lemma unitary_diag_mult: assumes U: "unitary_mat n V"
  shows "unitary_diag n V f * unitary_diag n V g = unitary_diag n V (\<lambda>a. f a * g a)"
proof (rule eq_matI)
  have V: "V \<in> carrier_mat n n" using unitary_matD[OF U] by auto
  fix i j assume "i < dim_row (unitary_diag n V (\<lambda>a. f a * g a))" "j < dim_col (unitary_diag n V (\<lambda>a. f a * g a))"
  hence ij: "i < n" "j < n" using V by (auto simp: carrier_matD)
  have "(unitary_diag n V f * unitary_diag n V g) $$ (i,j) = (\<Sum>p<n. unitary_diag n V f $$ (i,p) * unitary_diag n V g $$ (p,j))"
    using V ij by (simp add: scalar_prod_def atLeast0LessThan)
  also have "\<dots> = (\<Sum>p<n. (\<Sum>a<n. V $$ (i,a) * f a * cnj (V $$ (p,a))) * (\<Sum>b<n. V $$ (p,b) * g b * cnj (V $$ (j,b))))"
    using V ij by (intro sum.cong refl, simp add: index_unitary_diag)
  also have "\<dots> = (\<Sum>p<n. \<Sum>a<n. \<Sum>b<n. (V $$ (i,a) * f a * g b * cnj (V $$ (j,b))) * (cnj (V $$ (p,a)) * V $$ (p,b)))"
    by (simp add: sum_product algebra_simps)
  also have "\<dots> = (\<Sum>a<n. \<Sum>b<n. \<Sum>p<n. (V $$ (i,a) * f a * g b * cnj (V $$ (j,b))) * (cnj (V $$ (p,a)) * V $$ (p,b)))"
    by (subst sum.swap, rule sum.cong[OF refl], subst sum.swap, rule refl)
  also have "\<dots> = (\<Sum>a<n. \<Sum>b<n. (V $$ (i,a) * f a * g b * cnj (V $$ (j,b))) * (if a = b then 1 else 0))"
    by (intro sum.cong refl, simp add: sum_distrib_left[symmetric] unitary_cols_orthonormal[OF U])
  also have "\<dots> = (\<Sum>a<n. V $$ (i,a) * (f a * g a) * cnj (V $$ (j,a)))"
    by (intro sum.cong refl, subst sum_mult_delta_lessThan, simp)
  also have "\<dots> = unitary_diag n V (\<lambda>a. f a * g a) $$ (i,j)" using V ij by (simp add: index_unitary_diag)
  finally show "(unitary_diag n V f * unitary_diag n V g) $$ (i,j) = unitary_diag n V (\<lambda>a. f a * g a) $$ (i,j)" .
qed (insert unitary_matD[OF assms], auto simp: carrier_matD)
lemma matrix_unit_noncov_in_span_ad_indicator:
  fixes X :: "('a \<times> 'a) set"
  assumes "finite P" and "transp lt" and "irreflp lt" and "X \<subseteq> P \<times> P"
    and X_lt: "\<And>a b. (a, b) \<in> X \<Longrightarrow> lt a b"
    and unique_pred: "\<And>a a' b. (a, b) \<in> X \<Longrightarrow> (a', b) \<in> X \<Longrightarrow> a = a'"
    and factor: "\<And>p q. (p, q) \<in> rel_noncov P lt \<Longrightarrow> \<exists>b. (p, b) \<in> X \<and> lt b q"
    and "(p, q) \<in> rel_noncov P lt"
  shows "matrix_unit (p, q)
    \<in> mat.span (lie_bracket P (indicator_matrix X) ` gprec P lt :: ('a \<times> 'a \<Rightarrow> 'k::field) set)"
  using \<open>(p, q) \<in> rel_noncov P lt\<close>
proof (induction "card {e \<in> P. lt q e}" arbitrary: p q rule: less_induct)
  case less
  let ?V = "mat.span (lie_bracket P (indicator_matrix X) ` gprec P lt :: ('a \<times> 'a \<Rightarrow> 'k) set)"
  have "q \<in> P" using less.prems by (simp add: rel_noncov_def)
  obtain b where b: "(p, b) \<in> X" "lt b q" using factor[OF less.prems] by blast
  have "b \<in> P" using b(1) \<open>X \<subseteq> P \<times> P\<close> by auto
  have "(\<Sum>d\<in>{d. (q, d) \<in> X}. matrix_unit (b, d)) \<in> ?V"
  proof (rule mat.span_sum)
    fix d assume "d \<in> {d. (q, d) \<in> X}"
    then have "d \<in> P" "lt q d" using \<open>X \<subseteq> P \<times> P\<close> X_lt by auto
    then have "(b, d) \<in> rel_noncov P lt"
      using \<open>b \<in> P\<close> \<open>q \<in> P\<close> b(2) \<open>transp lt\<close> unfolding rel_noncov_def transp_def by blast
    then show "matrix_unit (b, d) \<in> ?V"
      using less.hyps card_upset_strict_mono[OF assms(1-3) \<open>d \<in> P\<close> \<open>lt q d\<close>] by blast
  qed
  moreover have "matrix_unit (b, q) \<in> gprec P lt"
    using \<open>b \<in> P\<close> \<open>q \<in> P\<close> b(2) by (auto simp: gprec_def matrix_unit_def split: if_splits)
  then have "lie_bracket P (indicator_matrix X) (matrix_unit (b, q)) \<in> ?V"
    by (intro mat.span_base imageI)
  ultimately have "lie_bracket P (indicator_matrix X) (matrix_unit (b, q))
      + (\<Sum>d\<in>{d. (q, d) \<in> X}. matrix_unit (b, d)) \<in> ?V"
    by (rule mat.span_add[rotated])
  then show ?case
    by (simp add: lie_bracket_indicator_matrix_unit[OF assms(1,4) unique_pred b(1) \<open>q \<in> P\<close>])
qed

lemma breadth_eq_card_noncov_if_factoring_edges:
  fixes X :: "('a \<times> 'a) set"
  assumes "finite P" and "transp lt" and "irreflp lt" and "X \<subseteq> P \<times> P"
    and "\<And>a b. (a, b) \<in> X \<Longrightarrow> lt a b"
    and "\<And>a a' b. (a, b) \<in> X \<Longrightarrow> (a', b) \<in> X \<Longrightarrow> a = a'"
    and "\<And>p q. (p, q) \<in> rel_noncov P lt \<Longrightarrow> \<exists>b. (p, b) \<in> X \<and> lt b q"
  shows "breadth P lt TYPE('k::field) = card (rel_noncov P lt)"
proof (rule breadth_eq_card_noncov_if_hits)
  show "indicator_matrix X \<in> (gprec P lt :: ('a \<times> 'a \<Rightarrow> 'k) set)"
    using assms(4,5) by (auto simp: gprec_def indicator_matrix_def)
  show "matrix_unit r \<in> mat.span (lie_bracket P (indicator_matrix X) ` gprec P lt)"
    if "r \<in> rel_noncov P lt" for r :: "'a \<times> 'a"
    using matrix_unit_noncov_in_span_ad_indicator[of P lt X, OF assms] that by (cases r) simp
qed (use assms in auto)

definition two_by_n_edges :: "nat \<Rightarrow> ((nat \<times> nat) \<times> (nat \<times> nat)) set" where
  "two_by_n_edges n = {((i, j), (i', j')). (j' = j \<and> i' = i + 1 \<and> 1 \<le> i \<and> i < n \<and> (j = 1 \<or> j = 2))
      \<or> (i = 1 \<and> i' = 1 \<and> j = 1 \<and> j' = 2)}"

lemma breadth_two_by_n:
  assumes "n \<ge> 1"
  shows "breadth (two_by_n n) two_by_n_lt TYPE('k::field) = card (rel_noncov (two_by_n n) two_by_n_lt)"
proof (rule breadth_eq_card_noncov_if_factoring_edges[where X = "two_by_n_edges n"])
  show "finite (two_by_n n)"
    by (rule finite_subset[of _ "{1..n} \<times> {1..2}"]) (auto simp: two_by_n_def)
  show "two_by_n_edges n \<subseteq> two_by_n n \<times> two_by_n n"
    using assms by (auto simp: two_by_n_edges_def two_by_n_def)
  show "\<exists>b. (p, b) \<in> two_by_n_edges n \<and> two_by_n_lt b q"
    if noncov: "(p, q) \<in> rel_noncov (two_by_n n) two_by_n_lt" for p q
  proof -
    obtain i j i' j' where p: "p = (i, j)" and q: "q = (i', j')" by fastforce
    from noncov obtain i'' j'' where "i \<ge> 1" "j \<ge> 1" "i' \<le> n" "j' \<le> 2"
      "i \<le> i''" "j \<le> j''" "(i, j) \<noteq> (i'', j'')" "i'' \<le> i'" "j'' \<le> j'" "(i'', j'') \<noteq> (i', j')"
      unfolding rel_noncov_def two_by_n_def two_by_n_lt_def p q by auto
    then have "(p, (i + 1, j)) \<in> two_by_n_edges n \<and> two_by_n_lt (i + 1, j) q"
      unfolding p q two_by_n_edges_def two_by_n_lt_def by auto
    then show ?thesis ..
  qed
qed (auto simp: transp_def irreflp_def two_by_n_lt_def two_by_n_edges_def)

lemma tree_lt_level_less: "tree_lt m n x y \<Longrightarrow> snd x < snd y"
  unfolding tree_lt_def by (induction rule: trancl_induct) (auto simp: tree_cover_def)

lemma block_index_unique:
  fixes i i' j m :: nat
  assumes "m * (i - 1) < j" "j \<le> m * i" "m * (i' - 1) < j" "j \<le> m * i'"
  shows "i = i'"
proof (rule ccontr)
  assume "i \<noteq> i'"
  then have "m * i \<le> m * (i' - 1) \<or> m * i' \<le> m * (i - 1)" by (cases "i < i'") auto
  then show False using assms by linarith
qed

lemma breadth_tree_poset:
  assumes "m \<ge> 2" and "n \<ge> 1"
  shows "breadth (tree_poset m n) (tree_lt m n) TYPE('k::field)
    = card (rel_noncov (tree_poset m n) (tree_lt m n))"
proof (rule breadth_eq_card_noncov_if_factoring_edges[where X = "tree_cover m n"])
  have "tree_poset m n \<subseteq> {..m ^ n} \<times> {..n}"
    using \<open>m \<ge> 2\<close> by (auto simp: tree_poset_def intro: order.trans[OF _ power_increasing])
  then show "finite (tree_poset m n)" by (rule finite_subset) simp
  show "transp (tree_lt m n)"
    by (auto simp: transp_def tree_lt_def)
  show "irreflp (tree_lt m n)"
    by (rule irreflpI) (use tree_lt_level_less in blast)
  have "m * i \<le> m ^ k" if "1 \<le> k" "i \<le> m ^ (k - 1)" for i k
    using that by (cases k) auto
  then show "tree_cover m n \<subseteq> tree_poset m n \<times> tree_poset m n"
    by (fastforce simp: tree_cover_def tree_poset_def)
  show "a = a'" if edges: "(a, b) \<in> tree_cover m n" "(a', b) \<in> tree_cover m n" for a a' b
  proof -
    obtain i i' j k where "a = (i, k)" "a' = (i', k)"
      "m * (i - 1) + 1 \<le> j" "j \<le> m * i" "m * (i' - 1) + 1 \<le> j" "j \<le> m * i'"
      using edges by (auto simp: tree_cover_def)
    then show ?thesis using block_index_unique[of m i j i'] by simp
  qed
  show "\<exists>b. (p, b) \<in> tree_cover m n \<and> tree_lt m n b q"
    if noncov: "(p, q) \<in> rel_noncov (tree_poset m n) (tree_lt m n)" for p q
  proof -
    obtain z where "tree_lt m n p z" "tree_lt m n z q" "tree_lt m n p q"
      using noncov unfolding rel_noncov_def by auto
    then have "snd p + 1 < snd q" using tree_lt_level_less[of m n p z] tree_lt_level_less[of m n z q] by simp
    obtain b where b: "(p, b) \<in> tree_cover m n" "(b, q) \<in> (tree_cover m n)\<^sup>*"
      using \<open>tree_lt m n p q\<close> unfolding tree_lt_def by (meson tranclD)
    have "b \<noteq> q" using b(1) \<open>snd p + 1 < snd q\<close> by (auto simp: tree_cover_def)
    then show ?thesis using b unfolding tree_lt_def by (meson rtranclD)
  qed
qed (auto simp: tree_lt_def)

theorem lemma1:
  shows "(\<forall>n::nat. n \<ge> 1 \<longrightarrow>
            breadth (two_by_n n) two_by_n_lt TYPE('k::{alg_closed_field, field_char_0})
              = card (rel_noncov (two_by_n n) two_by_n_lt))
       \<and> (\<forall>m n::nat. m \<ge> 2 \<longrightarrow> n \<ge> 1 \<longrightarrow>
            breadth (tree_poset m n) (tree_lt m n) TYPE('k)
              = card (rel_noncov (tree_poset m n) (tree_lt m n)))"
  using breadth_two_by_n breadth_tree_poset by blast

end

..............................

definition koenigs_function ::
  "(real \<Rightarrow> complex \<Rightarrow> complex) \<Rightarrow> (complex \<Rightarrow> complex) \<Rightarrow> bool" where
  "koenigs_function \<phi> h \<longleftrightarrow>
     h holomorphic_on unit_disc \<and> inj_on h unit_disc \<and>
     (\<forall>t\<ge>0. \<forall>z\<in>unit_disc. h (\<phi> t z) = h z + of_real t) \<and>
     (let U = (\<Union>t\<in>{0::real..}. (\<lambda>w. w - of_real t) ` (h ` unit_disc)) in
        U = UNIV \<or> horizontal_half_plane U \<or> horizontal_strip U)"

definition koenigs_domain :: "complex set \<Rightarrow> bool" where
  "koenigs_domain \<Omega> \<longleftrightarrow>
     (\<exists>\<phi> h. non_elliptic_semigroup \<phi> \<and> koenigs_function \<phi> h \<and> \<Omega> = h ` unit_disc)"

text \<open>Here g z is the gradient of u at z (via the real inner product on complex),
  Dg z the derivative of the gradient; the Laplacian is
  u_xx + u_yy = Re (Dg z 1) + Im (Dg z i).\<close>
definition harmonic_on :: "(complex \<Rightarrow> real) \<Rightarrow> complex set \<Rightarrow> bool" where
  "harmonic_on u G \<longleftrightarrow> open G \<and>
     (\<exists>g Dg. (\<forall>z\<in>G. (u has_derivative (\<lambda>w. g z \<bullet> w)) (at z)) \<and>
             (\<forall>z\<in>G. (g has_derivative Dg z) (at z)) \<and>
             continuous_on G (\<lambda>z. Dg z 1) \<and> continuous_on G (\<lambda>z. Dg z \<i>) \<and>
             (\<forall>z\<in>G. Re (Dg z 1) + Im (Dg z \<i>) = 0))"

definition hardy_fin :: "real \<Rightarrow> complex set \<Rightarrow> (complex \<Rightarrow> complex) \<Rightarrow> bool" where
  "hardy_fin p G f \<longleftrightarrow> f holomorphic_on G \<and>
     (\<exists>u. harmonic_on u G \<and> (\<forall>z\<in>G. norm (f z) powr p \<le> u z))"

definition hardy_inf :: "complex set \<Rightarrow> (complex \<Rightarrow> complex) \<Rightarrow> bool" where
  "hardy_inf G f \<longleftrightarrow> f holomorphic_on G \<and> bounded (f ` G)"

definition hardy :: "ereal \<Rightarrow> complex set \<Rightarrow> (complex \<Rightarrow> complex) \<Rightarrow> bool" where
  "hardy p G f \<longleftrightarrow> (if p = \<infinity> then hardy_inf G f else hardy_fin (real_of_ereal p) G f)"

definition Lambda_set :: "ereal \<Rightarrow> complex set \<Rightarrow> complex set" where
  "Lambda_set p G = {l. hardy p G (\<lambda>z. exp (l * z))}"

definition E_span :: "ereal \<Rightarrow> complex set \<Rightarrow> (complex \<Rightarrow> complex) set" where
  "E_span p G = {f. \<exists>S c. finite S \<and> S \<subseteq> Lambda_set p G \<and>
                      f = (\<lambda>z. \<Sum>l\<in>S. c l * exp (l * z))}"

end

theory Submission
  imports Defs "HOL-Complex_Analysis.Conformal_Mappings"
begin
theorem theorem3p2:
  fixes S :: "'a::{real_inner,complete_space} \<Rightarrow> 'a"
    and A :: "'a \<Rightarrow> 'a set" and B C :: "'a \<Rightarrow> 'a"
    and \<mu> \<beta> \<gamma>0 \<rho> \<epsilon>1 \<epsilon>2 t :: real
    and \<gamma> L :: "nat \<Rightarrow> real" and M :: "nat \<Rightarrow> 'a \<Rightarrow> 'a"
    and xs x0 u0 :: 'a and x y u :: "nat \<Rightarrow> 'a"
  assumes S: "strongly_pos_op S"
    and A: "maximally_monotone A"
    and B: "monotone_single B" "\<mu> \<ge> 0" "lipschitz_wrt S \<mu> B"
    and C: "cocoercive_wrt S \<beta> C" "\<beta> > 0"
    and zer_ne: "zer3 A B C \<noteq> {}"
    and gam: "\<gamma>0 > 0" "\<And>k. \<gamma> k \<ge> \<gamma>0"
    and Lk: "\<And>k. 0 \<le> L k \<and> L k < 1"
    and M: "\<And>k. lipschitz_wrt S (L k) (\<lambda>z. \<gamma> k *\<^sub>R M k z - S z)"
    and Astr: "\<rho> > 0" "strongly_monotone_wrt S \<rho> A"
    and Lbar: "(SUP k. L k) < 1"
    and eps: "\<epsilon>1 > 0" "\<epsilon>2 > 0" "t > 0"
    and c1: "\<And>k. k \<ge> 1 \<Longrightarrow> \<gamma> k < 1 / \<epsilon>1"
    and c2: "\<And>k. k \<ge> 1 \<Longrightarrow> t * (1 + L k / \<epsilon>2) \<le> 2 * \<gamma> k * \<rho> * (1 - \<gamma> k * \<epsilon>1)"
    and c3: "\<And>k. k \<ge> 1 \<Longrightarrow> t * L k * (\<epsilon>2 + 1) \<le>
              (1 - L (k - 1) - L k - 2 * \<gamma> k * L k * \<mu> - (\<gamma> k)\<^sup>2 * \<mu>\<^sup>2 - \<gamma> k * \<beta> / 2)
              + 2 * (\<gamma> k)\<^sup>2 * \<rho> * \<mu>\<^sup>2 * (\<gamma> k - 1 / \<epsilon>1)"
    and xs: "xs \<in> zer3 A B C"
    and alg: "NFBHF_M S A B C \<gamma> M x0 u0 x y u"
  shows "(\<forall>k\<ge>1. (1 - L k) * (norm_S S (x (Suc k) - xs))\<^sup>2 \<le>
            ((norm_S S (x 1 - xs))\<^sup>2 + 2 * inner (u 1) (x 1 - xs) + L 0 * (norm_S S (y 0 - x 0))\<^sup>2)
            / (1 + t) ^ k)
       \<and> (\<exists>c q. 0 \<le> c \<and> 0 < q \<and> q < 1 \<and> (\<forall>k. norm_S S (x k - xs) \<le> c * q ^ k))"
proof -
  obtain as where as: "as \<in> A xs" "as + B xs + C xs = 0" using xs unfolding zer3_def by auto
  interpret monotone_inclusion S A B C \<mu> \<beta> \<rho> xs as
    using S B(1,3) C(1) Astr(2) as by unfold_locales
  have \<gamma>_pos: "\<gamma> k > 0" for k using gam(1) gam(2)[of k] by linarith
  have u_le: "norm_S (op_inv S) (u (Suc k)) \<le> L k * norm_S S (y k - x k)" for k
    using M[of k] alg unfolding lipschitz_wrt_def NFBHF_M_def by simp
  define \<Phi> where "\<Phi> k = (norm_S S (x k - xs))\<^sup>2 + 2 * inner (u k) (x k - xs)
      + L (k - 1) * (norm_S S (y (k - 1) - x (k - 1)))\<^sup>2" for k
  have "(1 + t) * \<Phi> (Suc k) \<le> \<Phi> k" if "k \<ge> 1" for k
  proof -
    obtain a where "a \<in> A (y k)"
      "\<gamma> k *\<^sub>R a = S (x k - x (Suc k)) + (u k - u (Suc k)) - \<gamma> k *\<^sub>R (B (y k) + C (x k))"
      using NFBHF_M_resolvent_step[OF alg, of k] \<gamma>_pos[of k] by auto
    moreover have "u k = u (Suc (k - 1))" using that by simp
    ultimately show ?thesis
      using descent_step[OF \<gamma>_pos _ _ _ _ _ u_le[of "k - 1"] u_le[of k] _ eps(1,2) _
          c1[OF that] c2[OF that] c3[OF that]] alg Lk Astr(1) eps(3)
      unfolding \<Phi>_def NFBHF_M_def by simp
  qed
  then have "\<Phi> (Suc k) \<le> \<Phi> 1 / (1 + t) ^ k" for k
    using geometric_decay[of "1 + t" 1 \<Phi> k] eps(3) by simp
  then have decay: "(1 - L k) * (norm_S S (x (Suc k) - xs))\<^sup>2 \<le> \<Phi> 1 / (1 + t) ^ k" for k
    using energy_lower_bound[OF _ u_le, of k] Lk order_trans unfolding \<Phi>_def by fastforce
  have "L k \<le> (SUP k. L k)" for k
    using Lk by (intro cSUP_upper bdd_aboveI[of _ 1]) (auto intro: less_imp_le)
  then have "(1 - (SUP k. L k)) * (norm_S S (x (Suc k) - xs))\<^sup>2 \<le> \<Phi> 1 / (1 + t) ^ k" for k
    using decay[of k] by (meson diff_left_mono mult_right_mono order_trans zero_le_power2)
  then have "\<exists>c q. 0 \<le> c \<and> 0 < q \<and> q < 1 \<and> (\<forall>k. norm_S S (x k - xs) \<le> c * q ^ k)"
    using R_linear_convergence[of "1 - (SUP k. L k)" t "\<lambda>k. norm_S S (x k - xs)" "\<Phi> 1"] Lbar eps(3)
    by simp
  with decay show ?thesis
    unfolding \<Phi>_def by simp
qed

..............................

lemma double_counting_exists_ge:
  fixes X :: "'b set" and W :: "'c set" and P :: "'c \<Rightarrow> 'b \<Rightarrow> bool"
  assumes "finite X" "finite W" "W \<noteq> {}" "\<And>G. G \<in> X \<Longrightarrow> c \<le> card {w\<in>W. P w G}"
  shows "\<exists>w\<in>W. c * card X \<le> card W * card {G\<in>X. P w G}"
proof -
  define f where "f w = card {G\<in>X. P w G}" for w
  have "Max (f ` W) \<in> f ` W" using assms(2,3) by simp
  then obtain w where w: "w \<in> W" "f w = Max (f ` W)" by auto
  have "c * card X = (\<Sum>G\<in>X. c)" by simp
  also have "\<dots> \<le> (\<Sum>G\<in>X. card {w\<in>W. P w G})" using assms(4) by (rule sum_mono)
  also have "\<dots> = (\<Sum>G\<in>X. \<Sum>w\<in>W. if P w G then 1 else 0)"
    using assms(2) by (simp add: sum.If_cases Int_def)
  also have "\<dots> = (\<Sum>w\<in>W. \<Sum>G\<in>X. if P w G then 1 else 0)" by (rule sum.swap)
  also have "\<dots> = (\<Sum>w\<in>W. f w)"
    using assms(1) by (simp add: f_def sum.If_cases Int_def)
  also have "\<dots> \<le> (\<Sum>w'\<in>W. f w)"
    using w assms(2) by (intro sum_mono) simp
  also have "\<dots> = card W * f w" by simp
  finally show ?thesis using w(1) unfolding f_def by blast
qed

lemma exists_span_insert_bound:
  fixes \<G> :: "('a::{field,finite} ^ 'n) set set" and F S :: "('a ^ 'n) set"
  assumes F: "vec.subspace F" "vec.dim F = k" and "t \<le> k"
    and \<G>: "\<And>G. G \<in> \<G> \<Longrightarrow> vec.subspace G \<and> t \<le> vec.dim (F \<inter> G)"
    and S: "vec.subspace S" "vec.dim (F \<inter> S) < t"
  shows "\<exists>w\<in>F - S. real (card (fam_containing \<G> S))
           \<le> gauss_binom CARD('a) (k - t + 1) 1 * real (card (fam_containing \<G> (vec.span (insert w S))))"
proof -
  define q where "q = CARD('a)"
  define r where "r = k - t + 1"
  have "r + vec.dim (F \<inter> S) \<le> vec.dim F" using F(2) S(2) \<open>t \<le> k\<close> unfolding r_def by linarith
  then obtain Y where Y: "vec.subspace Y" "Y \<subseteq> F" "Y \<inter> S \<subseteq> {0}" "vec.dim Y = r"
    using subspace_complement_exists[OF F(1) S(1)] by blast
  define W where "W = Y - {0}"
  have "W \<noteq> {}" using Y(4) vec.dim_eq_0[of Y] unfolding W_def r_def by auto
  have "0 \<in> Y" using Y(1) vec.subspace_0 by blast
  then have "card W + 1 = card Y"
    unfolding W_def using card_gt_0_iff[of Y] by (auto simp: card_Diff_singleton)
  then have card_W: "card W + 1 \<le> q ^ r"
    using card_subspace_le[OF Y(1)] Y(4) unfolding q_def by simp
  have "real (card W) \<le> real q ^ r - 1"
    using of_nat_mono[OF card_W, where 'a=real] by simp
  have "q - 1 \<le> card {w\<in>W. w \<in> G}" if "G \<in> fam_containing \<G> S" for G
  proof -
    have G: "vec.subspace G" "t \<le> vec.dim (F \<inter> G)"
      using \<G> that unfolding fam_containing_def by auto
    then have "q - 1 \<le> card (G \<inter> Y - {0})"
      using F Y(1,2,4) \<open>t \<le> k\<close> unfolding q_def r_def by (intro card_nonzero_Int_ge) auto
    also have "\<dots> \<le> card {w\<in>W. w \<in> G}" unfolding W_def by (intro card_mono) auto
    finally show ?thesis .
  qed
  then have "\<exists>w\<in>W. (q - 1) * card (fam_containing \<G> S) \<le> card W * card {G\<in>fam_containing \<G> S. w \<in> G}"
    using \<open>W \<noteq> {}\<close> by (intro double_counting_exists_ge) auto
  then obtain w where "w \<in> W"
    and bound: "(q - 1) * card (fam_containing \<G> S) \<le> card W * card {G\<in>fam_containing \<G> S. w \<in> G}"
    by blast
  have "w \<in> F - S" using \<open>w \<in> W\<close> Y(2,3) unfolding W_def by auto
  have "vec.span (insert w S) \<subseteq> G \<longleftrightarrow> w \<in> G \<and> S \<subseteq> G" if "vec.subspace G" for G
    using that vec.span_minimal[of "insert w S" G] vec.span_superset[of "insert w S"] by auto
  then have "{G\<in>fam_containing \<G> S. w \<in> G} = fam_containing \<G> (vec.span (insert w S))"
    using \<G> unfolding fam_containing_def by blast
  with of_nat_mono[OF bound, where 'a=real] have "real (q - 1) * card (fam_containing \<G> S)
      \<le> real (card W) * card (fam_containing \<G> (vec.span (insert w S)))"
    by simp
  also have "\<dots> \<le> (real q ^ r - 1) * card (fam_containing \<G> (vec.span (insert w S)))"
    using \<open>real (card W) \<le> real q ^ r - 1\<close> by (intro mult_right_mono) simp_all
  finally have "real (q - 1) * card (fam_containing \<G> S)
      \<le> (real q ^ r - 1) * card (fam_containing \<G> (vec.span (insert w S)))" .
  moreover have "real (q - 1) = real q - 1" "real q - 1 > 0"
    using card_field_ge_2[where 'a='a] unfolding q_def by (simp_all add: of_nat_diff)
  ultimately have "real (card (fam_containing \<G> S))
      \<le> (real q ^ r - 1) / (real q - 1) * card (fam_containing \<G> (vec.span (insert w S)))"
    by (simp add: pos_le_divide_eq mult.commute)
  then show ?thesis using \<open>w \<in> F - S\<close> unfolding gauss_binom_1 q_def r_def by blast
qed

..............................

What to do:
Give back, unchanged, the run of lines in the listing above that begins at the line containing "by (rule mat.span_add[rotated])" and ends at the line containing "proof (rule breadth_eq_card_noncov_if_hits)", both included.

Task response:
    by (rule mat.span_add[rotated])
  then show ?case
    by (simp add: lie_bracket_indicator_matrix_unit[OF assms(1,4) unique_pred b(1) \<open>q \<in> P\<close>])
qed

lemma breadth_eq_card_noncov_if_factoring_edges:
  fixes X :: "('a \<times> 'a) set"
  assumes "finite P" and "transp lt" and "irreflp lt" and "X \<subseteq> P \<times> P"
    and "\<And>a b. (a, b) \<in> X \<Longrightarrow> lt a b"
    and "\<And>a a' b. (a, b) \<in> X \<Longrightarrow> (a', b) \<in> X \<Longrightarrow> a = a'"
    and "\<And>p q. (p, q) \<in> rel_noncov P lt \<Longrightarrow> \<exists>b. (p, b) \<in> X \<and> lt b q"
  shows "breadth P lt TYPE('k::field) = card (rel_noncov P lt)"
proof (rule breadth_eq_card_noncov_if_hits)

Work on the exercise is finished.